# Sexist Film From 50's - Women Drivers



## prof20 (Jan 11, 2007)

Can't decide if it was serious or not!

Public information film from 50's.






Roger


----------



## BritStops (Mar 3, 2011)

Excellent clip, but featuring the same (modern) actress as this clip

So not a kosher 50s clip, I'm afraid.

Steve


----------



## prof20 (Jan 11, 2007)

Thanks Britstops, I obviously don't watch enough TV.

Roger


----------



## vicdicdoc (May 14, 2005)

Nah - sexist film . . . got to be any with BB in it :wink:
Opps - must learn to read exactly what thread title says in future !


----------



## BritStops (Mar 3, 2011)

prof20 said:


> Thanks Britstops, I obviously don't watch enough TV.
> 
> Roger


No worries - I guess that means I watch too much! That is one of my fave clips though.

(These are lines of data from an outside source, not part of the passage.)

lemma sum_inverse_sqrt_le: "(\<Sum>h=1..D. 1 / sqrt (real h)) \<le> 2 * sqrt (real D)"
proof (induction D)
  case 0
  then show ?case by simp
next
  case (Suc D)
  have "sqrt (real D) * sqrt (real (Suc D)) \<le> real D + 1/2"
  proof (rule power2_le_imp_le)
    show "(sqrt (real D) * sqrt (real (Suc D)))\<^sup>2 \<le> (real D + 1/2)\<^sup>2"
      by (simp add: power_mult_distrib power2_eq_square algebra_simps)
  qed simp
  then have "1 \<le> (2 * sqrt (real (Suc D)) - 2 * sqrt (real D)) * sqrt (real (Suc D))"
    by (simp add: algebra_simps)
  then have "1 / sqrt (real (Suc D)) \<le> 2 * sqrt (real (Suc D)) - 2 * sqrt (real D)"
    by (simp add: field_simps)
  then show ?case
    using Suc by simp
qed

lemma sum_inverse_sqrt_upto_le:
  assumes "0 \<le> Y"
  shows "(\<Sum>h=1..D. if real h \<le> Y then 1 / sqrt (real h) else 0) \<le> 2 * sqrt Y"
proof -
  define J where "J = min D (nat \<lfloor>Y\<rfloor>)"
  have below_Y: "real h \<le> Y" if "h \<le> nat \<lfloor>Y\<rfloor>" for h
    using that of_nat_floor[OF assms] by (smt (verit) of_nat_le_iff)
  have "{1..D} \<inter> {h. real h \<le> Y} = {1..J}"
    unfolding J_def using assms below_Y by (auto simp: le_nat_floor)
  then have "(\<Sum>h=1..D. if real h \<le> Y then 1 / sqrt (real h) else 0) = (\<Sum>h=1..J. 1 / sqrt (real h))"
    using sum.inter_restrict[of "{1..D}" "\<lambda>h. 1 / sqrt (real h)" "{h. real h \<le> Y}"] by simp
  also have "\<dots> \<le> 2 * sqrt (real J)"
    by (rule sum_inverse_sqrt_le)
  also have "real J \<le> Y"
    unfolding J_def by (rule below_Y) simp
  finally show ?thesis
    by simp
qed

lemma ln_of_nat_nonneg: "0 \<le> ln (real d)"
  by (cases "d = 0") auto

lemma harm_le_1_plus_ln: "harm D \<le> 1 + ln (real D)"
proof (cases "D = 0")
  case False
  then have "harm D - ln (real D) \<le> harm 1 - ln (real 1)"
    by (intro euler_mascheroni_sequence_decreasing) auto
  then show ?thesis
    by (simp add: harm_def)
qed (simp add: harm_def)

lemma powr_neg_le_diff:
  fixes q h :: real
  assumes q: "1 < q" and h: "2 \<le> h"
  shows "h powr (- q) \<le> ((h - 1) powr (1 - q) - h powr (1 - q)) / (q - 1)"
proof -
  have deriv: "\<And>x. h - 1 \<le> x \<Longrightarrow> x \<le> h \<Longrightarrow>
      ((\<lambda>z. z powr (1 - q)) has_real_derivative (1 - q) * x powr ((1 - q) - 1)) (at x)"
    using h by (intro has_real_derivative_powr) auto
  obtain z where z: "h - 1 < z" "z < h"
    "h powr (1 - q) - (h - 1) powr (1 - q) = (h - (h - 1)) * ((1 - q) * z powr ((1 - q) - 1))"
    using MVT2[of "h - 1" h, OF _ deriv] by auto
  have "h powr (- q) \<le> z powr (- q)"
    using z h q by (intro powr_mono2') auto
  moreover have "(h - 1) powr (1 - q) - h powr (1 - q) = (q - 1) * z powr (- q)"
    using z(3) by (simp add: algebra_simps)
  ultimately show ?thesis
    using q by (simp add: le_divide_eq mult.commute)
qed

lemma sum_powr_neg_tail_le:
  fixes q :: real
  assumes q: "1 < q" and L: "1 \<le> L"
  shows "(\<Sum>h=L+1..D. real h powr (- q)) \<le> real L powr (1 - q) / (q - 1)"
proof (cases "L \<le> D")
  case True
  then have "(\<Sum>h=L+1..D. real h powr (- q)) \<le> (real L powr (1 - q) - real D powr (1 - q)) / (q - 1)"
  proof (induction D rule: dec_induct)
    case (step D)
    have "real (Suc D) powr (- q) \<le> (real D powr (1 - q) - real (Suc D) powr (1 - q)) / (q - 1)"
      using powr_neg_le_diff[OF q, of "real (Suc D)"] L step(1) by simp
    then show ?case
      using step(1,3) by (simp add: diff_divide_distrib)
  qed simp
  also have "\<dots> \<le> real L powr (1 - q) / (q - 1)"
    using q by (simp add: divide_right_mono)
  finally show ?thesis .
qed (use q in simp)

lemma sum_powr_neg_le:
  fixes q :: real
  assumes "1 < q"
  shows "(\<Sum>h=1..D. real h powr (- q)) \<le> q / (q - 1)"
proof (cases "1 \<le> D")
  case True
  then have "(\<Sum>h=1..D. real h powr (- q)) = 1 + (\<Sum>h=1+1..D. real h powr (- q))"
    by (simp add: sum.atLeast_Suc_atMost)
  also have "\<dots> \<le> 1 + 1 / (q - 1)"
    using sum_powr_neg_tail_le[OF assms, of 1 D] by simp
  finally show ?thesis
    using assms by (simp add: field_simps)
qed (use assms in simp)

lemma sum_powr_neg_above_floor_le:
  fixes q h0 :: real
  assumes q: "1 < q" and h0: "0 < h0"
  shows "(\<Sum>h=nat \<lfloor>h0\<rfloor>+1..D. real h powr (- q)) \<le> (2 powr (q - 1) + q) / (q - 1) * h0 powr (1 - q)"
proof (cases "1 \<le> h0")
  case True
  define L where "L = nat \<lfloor>h0\<rfloor>"
  have L: "1 \<le> L"
    unfolding L_def using True by (simp add: le_nat_floor)
  moreover have "h0 < real L + 1"
    unfolding L_def using h0 real_of_int_floor_add_one_gt[of h0] by simp
  ultimately have L: "1 \<le> L" "h0 / 2 \<le> real L"
    by linarith+
  have "(\<Sum>h=L+1..D. real h powr (- q)) \<le> real L powr (1 - q) / (q - 1)"
    using sum_powr_neg_tail_le[OF q L(1)] .
  also have "\<dots> \<le> (h0 / 2) powr (1 - q) / (q - 1)"
    using L h0 q by (intro divide_right_mono powr_mono2') auto
  also have "(h0 / 2) powr (1 - q) = h0 powr (1 - q) * (1 / 2 powr (1 - q))"
    by (simp add: powr_divide)
  also have "1 / (2::real) powr (1 - q) = 2 powr (q - 1)"
    by (simp add: powr_minus_divide[symmetric])
  also have "h0 powr (1 - q) * 2 powr (q - 1) / (q - 1) = 2 powr (q - 1) / (q - 1) * h0 powr (1 - q)"
    by simp
  also have "\<dots> \<le> (2 powr (q - 1) + q) / (q - 1) * h0 powr (1 - q)"
    using q by (intro mult_right_mono divide_right_mono) auto
  finally show ?thesis
    unfolding L_def .
next
  case False
  then have "nat \<lfloor>h0\<rfloor> = 0" "1 \<le> h0 powr (1 - q)"
    using h0 q powr_mono2'[of "1 - q" h0 1] by auto
  then have "(\<Sum>h=nat \<lfloor>h0\<rfloor>+1..D. real h powr (- q)) \<le> q / (q - 1)"
    using sum_powr_neg_le[OF q, of D] by simp
  also have "\<dots> \<le> q / (q - 1) * h0 powr (1 - q)"
    using mult_left_mono[OF \<open>1 \<le> h0 powr (1 - q)\<close>, of "q / (q - 1)"] q by simp
  also have "\<dots> \<le> (2 powr (q - 1) + q) / (q - 1) * h0 powr (1 - q)"
    using q by (intro mult_right_mono divide_right_mono) auto
  finally show ?thesis .
qed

Although not quite the same I also love this Goodness Gracious Me sketch

Steve


----------



## Bill_H (Feb 18, 2011)

It was a Harry Enfield sketch


----------



## 5bells (Feb 4, 2009)

Serious or not it was very funny and soo Harry Enfield.

Even Mrs 5bells laughed at it, though she did add that someone had obviously built the wall in the wrong.place :lol:


----------